→ **Records shown**
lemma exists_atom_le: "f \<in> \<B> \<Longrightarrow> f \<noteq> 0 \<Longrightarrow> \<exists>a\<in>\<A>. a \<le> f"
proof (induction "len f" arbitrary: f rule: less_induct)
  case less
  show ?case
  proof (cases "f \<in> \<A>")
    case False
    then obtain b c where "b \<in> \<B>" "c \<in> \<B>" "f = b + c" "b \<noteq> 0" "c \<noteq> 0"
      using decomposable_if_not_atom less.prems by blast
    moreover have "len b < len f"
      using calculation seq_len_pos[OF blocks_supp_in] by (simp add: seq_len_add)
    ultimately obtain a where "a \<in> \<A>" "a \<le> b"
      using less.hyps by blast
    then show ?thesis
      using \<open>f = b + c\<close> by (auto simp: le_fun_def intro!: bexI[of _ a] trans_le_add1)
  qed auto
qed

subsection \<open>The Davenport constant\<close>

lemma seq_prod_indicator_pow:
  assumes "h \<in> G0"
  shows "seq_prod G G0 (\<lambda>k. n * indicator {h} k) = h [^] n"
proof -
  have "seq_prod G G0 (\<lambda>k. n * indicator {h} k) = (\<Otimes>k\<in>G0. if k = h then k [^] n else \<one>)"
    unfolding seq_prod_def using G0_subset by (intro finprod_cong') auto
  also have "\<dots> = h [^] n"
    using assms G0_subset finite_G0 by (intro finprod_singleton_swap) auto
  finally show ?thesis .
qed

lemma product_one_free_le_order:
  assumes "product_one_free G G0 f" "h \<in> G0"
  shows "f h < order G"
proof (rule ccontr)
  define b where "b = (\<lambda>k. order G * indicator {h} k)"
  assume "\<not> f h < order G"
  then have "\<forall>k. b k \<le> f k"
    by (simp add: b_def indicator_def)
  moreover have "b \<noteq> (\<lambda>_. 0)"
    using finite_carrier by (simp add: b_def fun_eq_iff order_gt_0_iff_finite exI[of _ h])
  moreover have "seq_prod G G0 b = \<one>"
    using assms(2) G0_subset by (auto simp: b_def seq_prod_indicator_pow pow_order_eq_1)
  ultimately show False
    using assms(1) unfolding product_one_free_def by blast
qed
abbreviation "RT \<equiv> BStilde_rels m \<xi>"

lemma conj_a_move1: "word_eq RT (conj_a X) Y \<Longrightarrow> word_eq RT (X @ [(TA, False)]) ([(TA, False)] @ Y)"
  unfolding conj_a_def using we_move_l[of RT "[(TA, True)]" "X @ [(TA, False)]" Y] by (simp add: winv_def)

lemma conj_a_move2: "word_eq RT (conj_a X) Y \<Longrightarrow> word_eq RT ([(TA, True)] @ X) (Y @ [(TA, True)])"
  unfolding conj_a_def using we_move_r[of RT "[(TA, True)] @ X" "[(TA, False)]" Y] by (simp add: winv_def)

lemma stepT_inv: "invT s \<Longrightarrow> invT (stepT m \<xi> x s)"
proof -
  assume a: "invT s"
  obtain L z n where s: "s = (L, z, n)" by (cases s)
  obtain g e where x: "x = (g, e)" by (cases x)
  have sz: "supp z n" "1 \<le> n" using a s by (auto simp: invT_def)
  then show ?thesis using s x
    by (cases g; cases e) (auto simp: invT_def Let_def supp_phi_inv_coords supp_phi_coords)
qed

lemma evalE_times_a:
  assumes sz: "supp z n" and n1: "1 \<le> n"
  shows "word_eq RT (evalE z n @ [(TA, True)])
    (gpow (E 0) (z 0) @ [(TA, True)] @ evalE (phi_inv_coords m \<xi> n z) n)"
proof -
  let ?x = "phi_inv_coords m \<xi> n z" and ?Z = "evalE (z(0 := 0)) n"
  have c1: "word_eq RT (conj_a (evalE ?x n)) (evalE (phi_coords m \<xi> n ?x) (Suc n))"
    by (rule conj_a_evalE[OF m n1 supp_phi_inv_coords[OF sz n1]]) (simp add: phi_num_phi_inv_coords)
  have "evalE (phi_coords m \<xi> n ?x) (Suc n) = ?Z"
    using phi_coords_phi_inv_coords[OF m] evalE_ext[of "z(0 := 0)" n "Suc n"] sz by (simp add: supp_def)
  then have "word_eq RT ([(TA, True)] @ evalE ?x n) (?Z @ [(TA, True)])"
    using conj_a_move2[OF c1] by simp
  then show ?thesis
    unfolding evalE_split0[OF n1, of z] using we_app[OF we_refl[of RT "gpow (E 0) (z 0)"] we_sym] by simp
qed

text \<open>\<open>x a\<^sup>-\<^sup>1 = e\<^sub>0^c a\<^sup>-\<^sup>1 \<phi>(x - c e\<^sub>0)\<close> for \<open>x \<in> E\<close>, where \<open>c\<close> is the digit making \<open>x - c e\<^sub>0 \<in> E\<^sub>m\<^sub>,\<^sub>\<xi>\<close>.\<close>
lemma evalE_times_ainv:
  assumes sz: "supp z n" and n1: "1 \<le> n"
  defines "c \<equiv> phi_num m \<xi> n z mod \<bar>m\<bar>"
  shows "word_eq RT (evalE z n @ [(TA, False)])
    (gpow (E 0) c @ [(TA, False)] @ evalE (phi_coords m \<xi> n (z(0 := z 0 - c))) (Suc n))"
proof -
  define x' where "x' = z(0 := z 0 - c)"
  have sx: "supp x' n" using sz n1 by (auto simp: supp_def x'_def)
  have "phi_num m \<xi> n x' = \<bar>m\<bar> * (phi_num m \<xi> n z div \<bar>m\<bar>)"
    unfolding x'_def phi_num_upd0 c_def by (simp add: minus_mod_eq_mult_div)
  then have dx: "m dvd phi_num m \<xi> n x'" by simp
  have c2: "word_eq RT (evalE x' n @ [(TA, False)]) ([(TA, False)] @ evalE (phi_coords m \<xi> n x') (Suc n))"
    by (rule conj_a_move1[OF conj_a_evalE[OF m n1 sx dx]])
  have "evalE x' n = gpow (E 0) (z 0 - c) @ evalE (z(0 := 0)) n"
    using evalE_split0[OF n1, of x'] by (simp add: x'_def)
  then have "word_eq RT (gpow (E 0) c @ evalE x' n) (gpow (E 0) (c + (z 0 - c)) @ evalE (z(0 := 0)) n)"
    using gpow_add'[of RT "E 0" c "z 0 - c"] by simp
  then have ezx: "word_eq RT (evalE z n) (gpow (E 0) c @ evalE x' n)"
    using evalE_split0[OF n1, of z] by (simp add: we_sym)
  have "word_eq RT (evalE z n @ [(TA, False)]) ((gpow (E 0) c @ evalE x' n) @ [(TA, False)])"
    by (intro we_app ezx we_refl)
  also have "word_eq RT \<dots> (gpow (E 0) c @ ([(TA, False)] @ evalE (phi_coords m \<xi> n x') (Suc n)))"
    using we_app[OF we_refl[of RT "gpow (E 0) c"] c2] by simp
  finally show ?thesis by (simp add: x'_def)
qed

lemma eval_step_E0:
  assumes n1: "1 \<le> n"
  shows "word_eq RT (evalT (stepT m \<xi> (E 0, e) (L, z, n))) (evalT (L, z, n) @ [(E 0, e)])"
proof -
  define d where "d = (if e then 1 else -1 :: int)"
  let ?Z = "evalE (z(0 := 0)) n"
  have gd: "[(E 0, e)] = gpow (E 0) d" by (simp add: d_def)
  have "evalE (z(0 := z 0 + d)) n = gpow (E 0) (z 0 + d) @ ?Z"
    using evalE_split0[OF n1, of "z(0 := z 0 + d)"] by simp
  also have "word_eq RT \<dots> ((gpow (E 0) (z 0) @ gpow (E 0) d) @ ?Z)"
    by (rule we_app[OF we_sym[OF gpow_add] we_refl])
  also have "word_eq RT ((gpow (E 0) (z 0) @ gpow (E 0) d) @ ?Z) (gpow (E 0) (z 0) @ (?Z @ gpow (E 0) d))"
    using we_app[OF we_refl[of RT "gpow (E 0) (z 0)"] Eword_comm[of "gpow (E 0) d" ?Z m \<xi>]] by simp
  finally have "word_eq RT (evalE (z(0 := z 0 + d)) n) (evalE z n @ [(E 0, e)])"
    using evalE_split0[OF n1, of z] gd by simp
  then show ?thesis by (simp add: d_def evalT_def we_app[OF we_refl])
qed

→ **What is needed**
Beginning at the line above with "([(TA, True)] @ evalE" and finishing at the line with "dvd phi_num m", return each line exactly and return nothing else.

→ **Output below**
  then have "word_eq RT ([(TA, True)] @ evalE ?x n) (?Z @ [(TA, True)])"
    using conj_a_move2[OF c1] by simp
  then show ?thesis
    unfolding evalE_split0[OF n1, of z] using we_app[OF we_refl[of RT "gpow (E 0) (z 0)"] we_sym] by simp
qed

text \<open>\<open>x a\<^sup>-\<^sup>1 = e\<^sub>0^c a\<^sup>-\<^sup>1 \<phi>(x - c e\<^sub>0)\<close> for \<open>x \<in> E\<close>, where \<open>c\<close> is the digit making \<open>x - c e\<^sub>0 \<in> E\<^sub>m\<^sub>,\<^sub>\<xi>\<close>.\<close>
lemma evalE_times_ainv:
  assumes sz: "supp z n" and n1: "1 \<le> n"
  defines "c \<equiv> phi_num m \<xi> n z mod \<bar>m\<bar>"
  shows "word_eq RT (evalE z n @ [(TA, False)])
    (gpow (E 0) c @ [(TA, False)] @ evalE (phi_coords m \<xi> n (z(0 := z 0 - c))) (Suc n))"
proof -
  define x' where "x' = z(0 := z 0 - c)"
  have sx: "supp x' n" using sz n1 by (auto simp: supp_def x'_def)
  have "phi_num m \<xi> n x' = \<bar>m\<bar> * (phi_num m \<xi> n z div \<bar>m\<bar>)"
    unfolding x'_def phi_num_upd0 c_def by (simp add: minus_mod_eq_mult_div)
  then have dx: "m dvd phi_num m \<xi> n x'" by simp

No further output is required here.